Here is my W.I.P code of my research.
Terminology
Term | Description |
---|---|
IEEE 754 | A technical standard for floating-point numbers established in 1985 by the Institute of Electrical and Electronics Engineers (IEEE). Most modern computer hardware follows this standard. |
SoftFloat | A software implementation of floating-point arithmetic. |
PS2 | Shorted name for the PlayStation 2 console. |
Introduction
This is the start of a series about emulating PS2 floating-point numbers. Emulating PS2 floating-point numbers is a bit of a pain because it does not follow the IEEE 754 standard like most modern computers. The PS2 uses its own variation of the IEEE 754 standard I like to call either the PS2 IEEE 754 variant, PS2 floating-point variant, or PS2 float.
Floating-point operations are usually preformed by the hardware of the host machine which usually follows the IEEE 754 standard. That means your phone, pc, or your Mom's old laptop all most likely follow the IEEE 754 standard.
Unfortunately, due to the PS2's IEEE 754 standard deviation,
we can't use the standard floating-point operations when programming. Instead, we have to design a custom implementation to emulate PS2 floating-point operations by software. This is called a "SoftFloat" or "Software Floating-Point".
Problems With Emulating Floating-Point
SoftFloat implementation most of the time are MASSIVELY slower than hardware no matter how its designed. Instead of a computer chip directly computing the floating-point, we have to programatically calculate and call functions to get the same results.

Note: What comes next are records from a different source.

(* Let $M$ be a timelike surface in $\mathbb{R}^{n,1}$ with a canonical null direction with respect to some constant vector $Z$. If the mean curvature vector $\vec H$ of $M$ is parallel in the normal bundle ($\nabla^\perp\vec H=0$), then $M$ is minimal, i.e. $\vec H=0$.
   Context: $\mathbb{R}^{n,1}$ is $\mathbb{R}^{n+1}$ with the metric $-dx_1^2+dx_2^2+\dots+dx_{n+1}^2$. A surface is timelike if the induced metric has signature $(1,1)$; a vector $v$ is lightlike if $v\ne0$ and $\langle v,v\rangle=0$. For a constant vector $Z$, $Z=Z^\top+Z^\perp$ along $M$ (tangent and normal parts); $M$ has a canonical null direction with respect to $Z$ if $Z^\top$ is lightlike everywhere on $M$. $\vec H=\frac12\operatorname{tr}II$ is the mean curvature vector and $\nabla^\perp$ the normal connection. *)

theory Defs
  imports "HOL-Analysis.Analysis"
begin

text \<open>Minkowski space R^{n,1} is modelled as real \<times> (real^'n): the first component is the
  time coordinate x_1, the second the spatial coordinates x_2..x_{n+1}.\<close>

definition lor :: "real \<times> (real^'n) \<Rightarrow> real \<times> (real^'n) \<Rightarrow> real" where
  "lor a b = - fst a * fst b + snd a \<bullet> snd b"

definition lightlike :: "real \<times> (real^'n) \<Rightarrow> bool" where
  "lightlike v \<longleftrightarrow> v \<noteq> 0 \<and> lor v v = 0"

definition pu :: "(real \<times> real \<Rightarrow> 'a::real_normed_vector) \<Rightarrow> real \<times> real \<Rightarrow> 'a" where
  "pu f p = frechet_derivative f (at p) (1, 0)"

definition pv :: "(real \<times> real \<Rightarrow> 'a::real_normed_vector) \<Rightarrow> real \<times> real \<Rightarrow> 'a" where
  "pv f p = frechet_derivative f (at p) (0, 1)"

fun Ck :: "nat \<Rightarrow> (real \<times> real \<Rightarrow> 'a::real_normed_vector) \<Rightarrow> (real \<times> real) set \<Rightarrow> bool" where
  "Ck 0 f U = continuous_on U f"
| "Ck (Suc k) f U = (continuous_on U f \<and> f differentiable_on U \<and> Ck k (pu f) U \<and> Ck k (pv f) U)"

definition smooth_on :: "(real \<times> real \<Rightarrow> 'a::real_normed_vector) \<Rightarrow> (real \<times> real) set \<Rightarrow> bool" where
  "smooth_on f U \<longleftrightarrow> (\<forall>k. Ck k f U)"

definition gE :: "(real \<times> real \<Rightarrow> real \<times> (real^'n)) \<Rightarrow> real \<times> real \<Rightarrow> real" where
  "gE X p = lor (pu X p) (pu X p)"
definition gF :: "(real \<times> real \<Rightarrow> real \<times> (real^'n)) \<Rightarrow> real \<times> real \<Rightarrow> real" where
  "gF X p = lor (pu X p) (pv X p)"
definition gG :: "(real \<times> real \<Rightarrow> real \<times> (real^'n)) \<Rightarrow> real \<times> real \<Rightarrow> real" where
  "gG X p = lor (pv X p) (pv X p)"

definition gdet :: "(real \<times> real \<Rightarrow> real \<times> (real^'n)) \<Rightarrow> real \<times> real \<Rightarrow> real" where
  "gdet X p = gE X p * gG X p - (gF X p)\<^sup>2"

text \<open>The induced metric on a 2-dimensional tangent plane has signature (1,1)
  iff its Gram determinant EG - F^2 is negative.\<close>

definition timelike_surface :: "(real \<times> real \<Rightarrow> real \<times> (real^'n)) \<Rightarrow> (real \<times> real) set \<Rightarrow> bool" where
  "timelike_surface X U \<longleftrightarrow> open U \<and> U \<noteq> {} \<and> smooth_on X U \<and> (\<forall>p\<in>U. gdet X p < 0)"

Then we have the issue of debugging. Our soft-float implementation is not compliant with the IEEE 754 standard and we have to use the PS2 as a baseline to verify results. If we have an issue, we have to investigate whether its a bug or an undocumented quirk in the PS2 IEEE 754 variant.
Floating-Point Format
I will quickly explain the floating-point number format; be wary that some details will be missing. If you want to learn more about floating-point numbers, I recommend checking out the IEEE 754 Wikipedia,
References, or searching the web.
A 32-bit register stores a floating-point number with the following structure
Bits 22-0 are called the fraction bits, mantissa, or significand. I will be using the term mantissa.
Name Bits
------ ------
Sign 31
Exponent 30-23
Mantissa 22-0
The Sign Bit
Bit 31 is the sign bit. A 0 denotes a positive number, and a 1 represents a negative number. Flipping this value flips the sign.
The Exponent
The exponent field is between bits [30-23] and needs to represent both positive and negative exponents. Because the field is an unsigned integer (always positive), the value stored in the exponent field is offset from the actual value by an exponent bias.

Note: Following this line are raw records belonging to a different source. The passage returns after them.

(* Let ${\mathbf{x}}^* \in \mathbb{R}^n$, ${\mathbf{x}}^*\ge 0$, $\mathcal{J} = \mathrm{supp}({\mathbf{x}}^* )$, and $s \in [\|{\mathbf{x}}^*\|_\infty, \infty]$. Let $\mathcal{J}' \supseteq \mathcal{J}$ be an index set for which there exists a vector ${\mathbf{c}}$ with $$\frac{P {\mathbf{e}}_j}{\| P {\mathbf{e}}_j \|_2} \cdot {\mathbf{c}} = 1 \ \ \forall j \in \mathcal{J}', \qquad \frac{P {\mathbf{e}}_i}{\| P {\mathbf{e}}_i \|_2} \cdot {\mathbf{c}} < 1 \ \ \forall i \in (\mathcal{J}')^c. \qquad (\dagger)$$ Then every solution ${\mathbf{y}}$ of $$\min_{0 \leq {\mathbf{x}} \leq s} \| W {\mathbf{x}} \|_1 \quad \text{subject to} \quad A {\mathbf{x}} = A {\mathbf{x}}^*$$ satisfies $\mathrm{supp}({\mathbf{y}}) \subseteq \mathcal{J}'$. Consequently, every such solution satisfies $\mathrm{supp}({\mathbf{y}}) \subseteq \overline{\mathcal{J}}$, where $\overline{\mathcal{J}} = \bigcap\{\mathcal{J}' : \mathcal{J}' \supseteq \mathcal{J} \text{ and there exists } {\mathbf{c}} \text{ such that } (\dagger) \text{ holds for } \mathcal{J}'\}$, assumed nonempty.
   Context: $A \in \mathbb{R}^{m\times n}$ is a matrix, $A^\dagger$ its Moore–Penrose pseudoinverse, and $P = A^\dagger A$ the orthogonal projection onto $\mathcal{N}(A)^\perp$. ${\mathbf{e}}_1,\dots,{\mathbf{e}}_n$ are the standard unit vectors, assumed not to lie in $\mathcal{N}(A)$, so $w_i := \|P{\mathbf{e}}_i\|_2 > 0$; $W = \mathrm{diag}(w_1,\dots,w_n)$. Inequalities are componentwise; $s=\infty$ means only ${\mathbf{x}}\ge 0$. *)

theory Defs
  imports "HOL-Analysis.Analysis"
begin

definition is_pinv :: "real^'n^'m \<Rightarrow> real^'m^'n \<Rightarrow> bool" where
  "is_pinv A B \<longleftrightarrow> A ** B ** A = A \<and> B ** A ** B = B \<and>
     transpose (A ** B) = A ** B \<and> transpose (B ** A) = B ** A"

definition pinv :: "real^'n^'m \<Rightarrow> real^'m^'n" where
  "pinv A = (THE B. is_pinv A B)"

definition projP :: "real^'n^'m \<Rightarrow> real^'n^'n" where
  "projP A = pinv A ** A"

definition supp :: "real^'n \<Rightarrow> 'n set" where
  "supp x = {i. x $ i \<noteq> 0}"

definition wts :: "real^'n^'m \<Rightarrow> 'n \<Rightarrow> real" where
  "wts A i = norm (projP A *v axis i 1)"

definition wl1 :: "real^'n^'m \<Rightarrow> real^'n \<Rightarrow> real" where
  "wl1 A x = (\<Sum>i\<in>UNIV. \<bar>wts A i * x $ i\<bar>)"

text \<open>feasible set: 0 \<le> x \<le> s, A x = A x*  (s = \<infinity> means only x \<ge> 0)\<close>
definition feasible :: "real^'n^'m \<Rightarrow> ereal \<Rightarrow> real^'n \<Rightarrow> real^'n \<Rightarrow> bool" where
  "feasible A s xs x \<longleftrightarrow> (\<forall>i. 0 \<le> x $ i \<and> ereal (x $ i) \<le> s) \<and> A *v x = A *v xs"

definition is_solution :: "real^'n^'m \<Rightarrow> ereal \<Rightarrow> real^'n \<Rightarrow> real^'n \<Rightarrow> bool" where
  "is_solution A s xs y \<longleftrightarrow> feasible A s xs y \<and> (\<forall>x. feasible A s xs x \<longrightarrow> wl1 A y \<le> wl1 A x)"

definition dagger :: "real^'n^'m \<Rightarrow> 'n set \<Rightarrow> bool" where
  "dagger A J' \<longleftrightarrow> (\<exists>c::real^'n.
     (\<forall>j\<in>J'. ((projP A *v axis j 1) /\<^sub>R norm (projP A *v axis j 1)) \<bullet> c = 1) \<and>
     (\<forall>i\<in>- J'. ((projP A *v axis i 1) /\<^sub>R norm (projP A *v axis i 1)) \<bullet> c < 1))"

end

theory Submission imports Defs begin

text \<open>
  The vector \<open>c\<close> of (\<open>\<dagger>\<close>) is a dual certificate: \<open>u = P\<^sup>T c\<close> satisfies
  \<open>u\<^sub>i = (P e\<^sub>i) \<bullet> c \<le> w\<^sub>i\<close>, with equality exactly on \<open>J'\<close>. Any feasible \<open>y\<close> has
  \<open>P y = P x\<^sup>*\<close>, so \<open>y \<bullet> u = x\<^sup>* \<bullet> u = \<parallel>W x\<^sup>*\<parallel>\<^sub>1\<close> because \<open>x\<^sup>*\<close> lives on \<open>J'\<close>. For a minimiser
  \<open>y \<ge> 0\<close> this gives \<open>\<Sum>\<^sub>i w\<^sub>i y\<^sub>i \<le> \<Sum>\<^sub>i u\<^sub>i y\<^sub>i\<close>, i.e. \<open>\<Sum>\<^sub>i (w\<^sub>i - u\<^sub>i) y\<^sub>i \<le> 0\<close> with nonnegative
  terms, so \<open>y\<^sub>i = 0\<close> wherever \<open>u\<^sub>i < w\<^sub>i\<close>, that is, off \<open>J'\<close>.

  As \<open>pinv\<close> is a definite description, the one property of \<open>P\<close> used, \<open>A P = A\<close>,
  needs existence and uniqueness of the Moore--Penrose inverse. It is built as the
  inverse of \<open>A\<close> on its row space composed with the orthogonal projection onto its
  column space; then \<open>A B\<close> and \<open>B A\<close> are these two orthogonal projections.
\<close>

lemma orthogonal_projection_exists:
  fixes S :: "'a::euclidean_space set"
  assumes "subspace S"
  obtains p where "linear p" "\<And>y. p y \<in> S" "\<And>y w. w \<in> S \<Longrightarrow> (y - p y) \<bullet> w = 0"
proof -
  have proj: "\<exists>q. q \<in> S \<and> (\<forall>w\<in>S. (y - q) \<bullet> w = 0)" for y
  proof -
    obtain q r where q: "q \<in> span S" and r: "\<And>w. w \<in> span S \<Longrightarrow> orthogonal r w"
      and y: "y = q + r"
      using orthogonal_subspace_decomp_exists by blast
    have "span S = S" using assms by (simp add: span_eq_iff)
    with q r show ?thesis
      unfolding y orthogonal_def by (intro exI[of _ q]) auto
  qed
  have unique: "q = q'"
    if "q \<in> S" "\<forall>w\<in>S. (y - q) \<bullet> w = 0" "q' \<in> S" "\<forall>w\<in>S. (y - q') \<bullet> w = 0" for y q q'
  proof -
    have "(y - q') \<bullet> (q - q') - (y - q) \<bullet> (q - q') = 0"
      using that assms by (simp add: subspace_diff)
    then have "(q - q') \<bullet> (q - q') = 0" by (simp add: inner_diff_left)
    then show ?thesis by simp
  qed
  define p where "p y = (SOME q. q \<in> S \<and> (\<forall>w\<in>S. (y - q) \<bullet> w = 0))" for y
  have pS: "p y \<in> S" and p_orth: "\<forall>w\<in>S. (y - p y) \<bullet> w = 0" for y
    using someI_ex[OF proj[of y]] unfolding p_def by blast+
  have "linear p"
  proof
    fix a b
    have "a + b - (p a + p b) = (a - p a) + (b - p b)" by simp
    then have "\<forall>w\<in>S. (a + b - (p a + p b)) \<bullet> w = 0"
      using p_orth by (simp only: inner_add_left) simp
    moreover have "p a + p b \<in> S" using pS assms by (simp add: subspace_add)
    ultimately show "p (a + b) = p a + p b"
      using unique pS p_orth by blast
  next
    fix c x
    have "c *\<^sub>R x - c *\<^sub>R p x = c *\<^sub>R (x - p x)" by (simp add: scaleR_right_diff_distrib)
    then have "\<forall>w\<in>S. (c *\<^sub>R x - c *\<^sub>R p x) \<bullet> w = 0"
      using p_orth by (simp only: inner_scaleR_left) simp
    moreover have "c *\<^sub>R p x \<in> S" using pS assms by (simp add: subspace_scale)
    ultimately show "p (c *\<^sub>R x) = c *\<^sub>R p x"
      using unique pS p_orth by blast
  qed
  with pS p_orth that show thesis by blast
qed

To get the actual exponent value, subtract the exponent bias from the value stored in the exponent field. For IEEE 754 single-precision floats, this value is 127, that means the exponent field can represent values from -127 to 128.
Exponent Field Value | Actual Exponent Value |
---|---|
0 | -127 |
127 | 0 |
200 | 73 |
For example, to express an exponent of zero, store 127 in the exponent field. Similarly, an exponent value of 200 resolves to 73 or 200 - 127 = 73
.
The field is a base 2 number but not stored in base 2 form. When converting a floating-point decimal into a float, the exponent is expressed in base 2 form using 2^(exponent - 127)
.
The Mantissa
Bits [22-0] make up the mantissa or fraction, which is the precision of the number to the right of the decimal points.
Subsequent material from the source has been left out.